Edited by Sam Thielman
In May, for the Daily Beast, I reported on the final two Afghans who remain caged at Guantanamo Bay, Asadullah Haroon (sometimes also called Haroon al-Afghani) and Muhammad Rahim. If you read that article, you may recall that the base rationale undergirding their detention is that they, under the Law of Armed Conflict, are combatants in a war that is now over. You may also recall that early in the War on Terror, a wave of justification held that Guantanamo wasn’t really indefinite detention, since someday the war would end.
Well, by the president’s own words, someday is here. And yet Haroon and Rahim will not be free men, according to a senior administration official.
“Both Afghan detainees are held under law of war detention and the possibility of their release is subject to the determination of the Periodic Review Board,” the senior official said. “The Biden Administration continues to conduct a deliberate and thorough process focused on responsibly reducing the detainee population and ultimately closing the Guantanamo facility.”
Ah, the Periodic Review Board, that bureaucratic mechanism to wrap the prerogatives of continued detention inside something that appears, because there are lawyers involved, to have the patina of law. “Law of war detention” keeps combatants off the battlefield until hostilities end. Hostilities have, unfortunately for that patina of law, ended, and the Biden administration is choosing to have its hands tied by its own bureaucracy. The prerogative to detain without charge is even stronger than the desire to wage the war.
And there are always ways to lawyer around the obligation to release detainees at the conclusion of hostilities.
When it comes to Rahim, whom the CIA tortured – and whom Langley presumably doesn’t want talking about that torture – the Justice Department, Biden’s Justice Department, continues to challenge his release in federal court. So it’s just not true that the PRB determines his fate.
With Haroon, as I reported in May, the government recently introduced a novel assertion: he’s a member of al-Qaeda. It so happens that such an assertion carries the prospect of moving Haroon from the category of Afghan Detainee Releasable at The End of Hostilities in Afghanistan That Have, by The Government’s Account, Ended and into the category of Al-Qaeda Detainee Releasable at The End of Hostilities That Won’t End.

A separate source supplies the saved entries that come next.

lemma corrAB_mixture:
  assumes "\<And>a b c. P k l a b c = (\<Sum>s\<in>S. w s * D s k l a b c)"
  shows "corrAB P k l f g = (\<Sum>s\<in>S. w s * corrAB (D s) k l f g)"
  unfolding corrAB_def assms sum_distrib_left sum_distrib_right
  by (subst (3) sum.swap, subst (2) sum.swap, subst sum.swap) (simp add: mult.assoc)

lemma corrAC_mixture:
  assumes "\<And>a b c. P k 1 a b c = (\<Sum>s\<in>S. w s * D s k 1 a b c)"
  shows "corrAC P k f g = (\<Sum>s\<in>S. w s * corrAC (D s) k f g)"
  unfolding corrAC_def assms sum_distrib_left sum_distrib_right
  by (subst (3) sum.swap, subst (2) sum.swap, subst sum.swap) (simp add: mult.assoc)

lemma I_total_mixture:
  assumes "\<forall>k\<in>{1,2,3}. \<forall>l\<in>{1,2}. \<forall>a b c. P k l a b c = (\<Sum>s\<in>S. w s * D s k l a b c)"
  shows "I_total P = (\<Sum>s\<in>S. w s * I_total (D s))"
proof -
  have AB: "corrAB P k l f g = (\<Sum>s\<in>S. w s * corrAB (D s) k l f g)"
    if "k \<in> {1,2,3}" "l \<in> {1,2}" for k l f g
    using assms that by (intro corrAB_mixture) blast
  have AC: "corrAC P k f g = (\<Sum>s\<in>S. w s * corrAC (D s) k f g)" if "k \<in> {1,2,3}" for k f g
    using assms that by (intro corrAC_mixture) blast
  show ?thesis
    unfolding I_total_def I_AB_def I_AC_def
    by (simp add: AB AC algebra_simps sum.distrib sum_subtractf)
qed

lemma I_AB_det_behaviour:
  "I_AB (det_behaviour fa fb fc) = sum_list
     [sgn10 (fa 1) * sgn10 (fb 1), sgn01 (fa 1) * sgn10 (fb 2),
      sgn10 (fa 2) * sgn01 (fb 1), sgn01 (fa 2) * sgn01 (fb 2),
      sgn10 (fa 3) * sgn11 (fb 1), sgn01 (fa 3) * sgn11 (fb 2)]"
  by (simp add: I_AB_def corrAB_det_behaviour)

lemma I_AC_det_behaviour:
  "I_AC (det_behaviour fa fb fc) = sum_list
     [sgn11 (fa 1) * sgn10 fc, sgn11 (fa 2) * sgn01 fc, - (sgn11 (fa 3) * sgn11 fc)]"
  by (simp add: I_AC_def corrAC_det_behaviour)

lemma I_AB_det_behaviour_le: "I_AB (det_behaviour fa fb fc) \<le> 6"
  unfolding I_AB_det_behaviour
  by (rule order.trans[OF sum_list_le_length]) (simp_all add: abs_mult)

lemma I_AC_det_behaviour_le: "I_AC (det_behaviour fa fb fc) \<le> 3"
  unfolding I_AC_det_behaviour
  by (rule order.trans[OF sum_list_le_length]) (simp_all add: abs_mult)

lemma prod_list_Bell_signs:
  "prod_list
     [sgn10 a1 * sgn10 b1, sgn01 a1 * sgn10 b2, sgn10 a2 * sgn01 b1, sgn01 a2 * sgn01 b2,
      sgn10 a3 * sgn11 b1, sgn01 a3 * sgn11 b2,
      sgn11 a1 * sgn10 c, sgn11 a2 * sgn01 c, - (sgn11 a3 * sgn11 c)] = -1"
proof -
  have "prod_list
     [sgn10 a1 * sgn10 b1, sgn01 a1 * sgn10 b2, sgn10 a2 * sgn01 b1, sgn01 a2 * sgn01 b2,
      sgn10 a3 * sgn11 b1, sgn01 a3 * sgn11 b2,
      sgn11 a1 * sgn10 c, sgn11 a2 * sgn01 c, - (sgn11 a3 * sgn11 c)]
    = - ((sgn10 a1 * sgn10 a1) * (sgn01 a1 * sgn01 a1) * (sgn10 a2 * sgn10 a2)
       * (sgn01 a2 * sgn01 a2) * (sgn10 a3 * sgn10 a3) * (sgn01 a3 * sgn01 a3)
       * (sgn10 b1 * sgn10 b1) * (sgn01 b1 * sgn01 b1) * (sgn10 b2 * sgn10 b2)
       * (sgn01 b2 * sgn01 b2) * (sgn10 c * sgn10 c) * (sgn01 c * sgn01 c))"
    unfolding sgn11_eq_sgn10_mult_sgn01
    by (simp add: algebra_simps del: sgn10_square sgn01_square)
  then show ?thesis by simp
qed

lemma I_total_det_behaviour_le: "I_total (det_behaviour fa fb fc) \<le> 7"
proof -
  let ?signs =
    "[sgn10 (fa 1) * sgn10 (fb 1), sgn01 (fa 1) * sgn10 (fb 2),
      sgn10 (fa 2) * sgn01 (fb 1), sgn01 (fa 2) * sgn01 (fb 2),
      sgn10 (fa 3) * sgn11 (fb 1), sgn01 (fa 3) * sgn11 (fb 2),
      sgn11 (fa 1) * sgn10 fc, sgn11 (fa 2) * sgn01 fc, - (sgn11 (fa 3) * sgn11 fc)]"
  have "I_total (det_behaviour fa fb fc) = sum_list ?signs"
    by (simp add: I_total_def I_AB_det_behaviour I_AC_det_behaviour)
  also have "\<dots> \<le> real (length ?signs) - 2"
    by (rule sum_list_le_length_minus_2_if_prod_list_eq_neg_1)
       (simp add: abs_mult, rule prod_list_Bell_signs)
  finally show ?thesis by simp
qed

lemma I_total_le_7_if_is_lhv:
  assumes "is_lhv P"
  shows "I_total P \<le> 7"
proof -
  obtain S w where w_nonneg: "\<forall>s\<in>S. w s \<ge> 0" and w_sum: "sum w S = 1"
    and mixture: "\<forall>k\<in>{1,2,3}. \<forall>l\<in>{1,2}. \<forall>a b c. P k l a b c =
      (\<Sum>s\<in>S. w s * det_behaviour (fst s) (fst (snd s)) (snd (snd s)) k l a b c)"
    using assms unfolding is_lhv_def by blast
  have "I_total P = (\<Sum>s\<in>S. w s * I_total (det_behaviour (fst s) (fst (snd s)) (snd (snd s))))"
    using mixture by (rule I_total_mixture)
  also have "\<dots> \<le> (\<Sum>s\<in>S. w s * 7)"
    using w_nonneg I_total_det_behaviour_le by (intro sum_mono mult_left_mono) auto
  also have "\<dots> = 7"
    using w_sum by (simp add: sum_distrib_right[symmetric])
  finally show ?thesis .
qed

definition outcome_bit :: "nat \<Rightarrow> outcome \<Rightarrow> bool" where
  "outcome_bit k x = (if k = 1 then fst x else if k = 2 then snd x else fst x \<noteq> snd x)"

text \<open>
  Alice's outcome is uniform; Bob's outcome for \<open>B\<^sub>l\<close> is constrained only in the bit read
  by \<open>A\<^sub>k\<close> (which must equal the bit of Alice's outcome read by \<open>B\<^sub>l\<close>), and Charlie's outcome
  only in the bit read by \<open>A\<^sub>k\<close>, which must be the parity of Alice's outcome, flipped for
  \<open>k = 3\<close>. This leaves \<open>4 \<cdot> 2 \<cdot> 2 = 16\<close> equally likely outcome triples, and each of the nine
  terms of \<open>\<I>\<close> equals \<open>1\<close>.
\<close>
definition ns_box :: behaviour where
  "ns_box k l a b c =
     (if outcome_bit k b = outcome_bit l a \<and> outcome_bit k c = (outcome_bit 3 a \<noteq> (k = 3))
      then 1/16 else 0)"

lemma is_behaviour_ns_box: "is_behaviour ns_box"
  unfolding is_behaviour_def ns_box_def outcome_bit_def by (simp add: UNIV_outcome)

lemma no_signaling_ns_box: "no_signaling ns_box"
  unfolding no_signaling_def ns_box_def outcome_bit_def
  by (simp add: UNIV_outcome split_paired_All all_bool_eq)

lemma I_total_ns_box: "I_total ns_box = 9"
  unfolding I_total_def I_AB_def I_AC_def corrAB_def corrAC_def ns_box_def outcome_bit_def
  by (simp add: UNIV_outcome sgn10_def sgn01_def sgn11_def)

Haroon’s legal team feels “more than usually hopeful” that the PRB will clear him whenever it next meets to consider his case. But, contra the senior administration official, they’re skeptical that a PRB-ordered release will be determinative.
“His habeas [case] result may take a little longer but is also pending,” said Shivan Sarin, deputy director of Reprieve US, a human rights group aiding Haroon’s case. “If he wins – would be the first time for a decade but he has an exceptionally strong case – then the Biden administration will have to decide whether to appeal, to protect their legal justification for indefinite detention without charge by keeping this prisoner of a war that is long over in jail, forever.”

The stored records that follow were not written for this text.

(* $R_{\mathrm{POVM}}(4)=R(4)$, and $\gamma(\omega_{1/3})=N(\tfrac13)$.
   Context: Qubit POVM: finite family $\{\Pi_i\}_{i=1}^n$ of positive semidefinite operators summing to $\mathbb{I}$; it simulates $\{M_{a|x}\}$ if $M_{a|x}=\sum_i p(a|x,i)\Pi_i$ with $p(a|x,i)\ge0$, $\sum_a p(a|x,i)=1$. $\mathcal{P}_r$: two-outcome POVMs $\{\tfrac12(\mathbb{I}\pm r\hat n\cdot\vec\sigma)\}$ over all unit $\hat n\in\mathbb{R}^3$. $R(n)$: supremum of $r$ such that some $n$-outcome qubit POVM simulates $\mathcal{P}_r$. $R_{\mathrm{POVM}}(n)$: supremum of $r$ such that some $n$-outcome qubit POVM simulates the family of all noisy POVMs $\{rM_a+(1-r)\mathrm{Tr}(M_a)\mathbb{I}/2\}_a$, $\{M_a\}$ ranging over all (finite-outcome) qubit POVMs. $N(r)$: smallest $n$ such that some $n$-outcome qubit POVM simulates $\mathcal{P}_r$. $\omega_r=r|\Psi^-\rangle\langle\Psi^-|+(1-r)\mathbb{I}\otimes\mathbb{I}/4$. The assemblage generated from $\rho_{AB}$ by POVMs $\{M_{a|x}\}$ on $A$ is $\sigma_{a|x}=\mathrm{Tr}_A[(M_{a|x}\otimes\mathbb{I})\rho_{AB}]$; an LHS model of size $n$ is a distribution $p(i)$ on $\{1,\dots,n\}$, states $\rho_i$ on $B$ and $p(a|x,i)$ with $\sigma_{a|x}=\sum_{i=1}^n p(a|x,i)p(i)\rho_i$. $\gamma(\rho_{AB})$: smallest $n$ such that every assemblage generated from $\rho_{AB}$ by any family of POVMs on $A$ admits an LHS model of size $n$. *)

theory Defs
  imports "HOL-Analysis.Analysis"
begin

type_synonym qop = "complex^2^2"
type_synonym qqop = "complex^(2 \<times> 2)^(2 \<times> 2)"

definition psd :: "complex^'n^'n \<Rightarrow> bool" where
  "psd A \<longleftrightarrow> (\<forall>i j. A $ i $ j = cnj (A $ j $ i)) \<and>
     (\<forall>v :: complex^'n. 0 \<le> Re (\<Sum>i\<in>UNIV. cnj (v $ i) * (A *v v) $ i))"

definition density :: "complex^'n^'n \<Rightarrow> bool" where
  "density A \<longleftrightarrow> psd A \<and> trace A = 1"

definition is_povm :: "nat \<Rightarrow> (nat \<Rightarrow> qop) \<Rightarrow> bool" where
  "is_povm n P \<longleftrightarrow> (\<forall>i<n. psd (P i)) \<and> (\<Sum>i<n. P i) = mat 1"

In the end, the relevant considerations are not legal, not security-based and certainly not ethical. They’re whether an administration is willing to free people because their war is over, knowing that performing such a bare-minimum obligation will subject it to demagoguery. But fear is a holding pattern. Only by confronting demagoguery can it be defeated.
The story of liberal complicity in the War on Terror, the title of Chapter 3 of the critically acclaimed REIGN OF TERROR and a major theme throughout, is about avoiding that confrontation. But every day is another opportunity to break the cycle. Doing so starts by remembering their names: Asadullah Haroon and Muhammad Rahim, men who remain unjustly detained at Guantanamo Bay based on dishonest explanations and a bureaucratic process that occupies the territory formerly held by the law.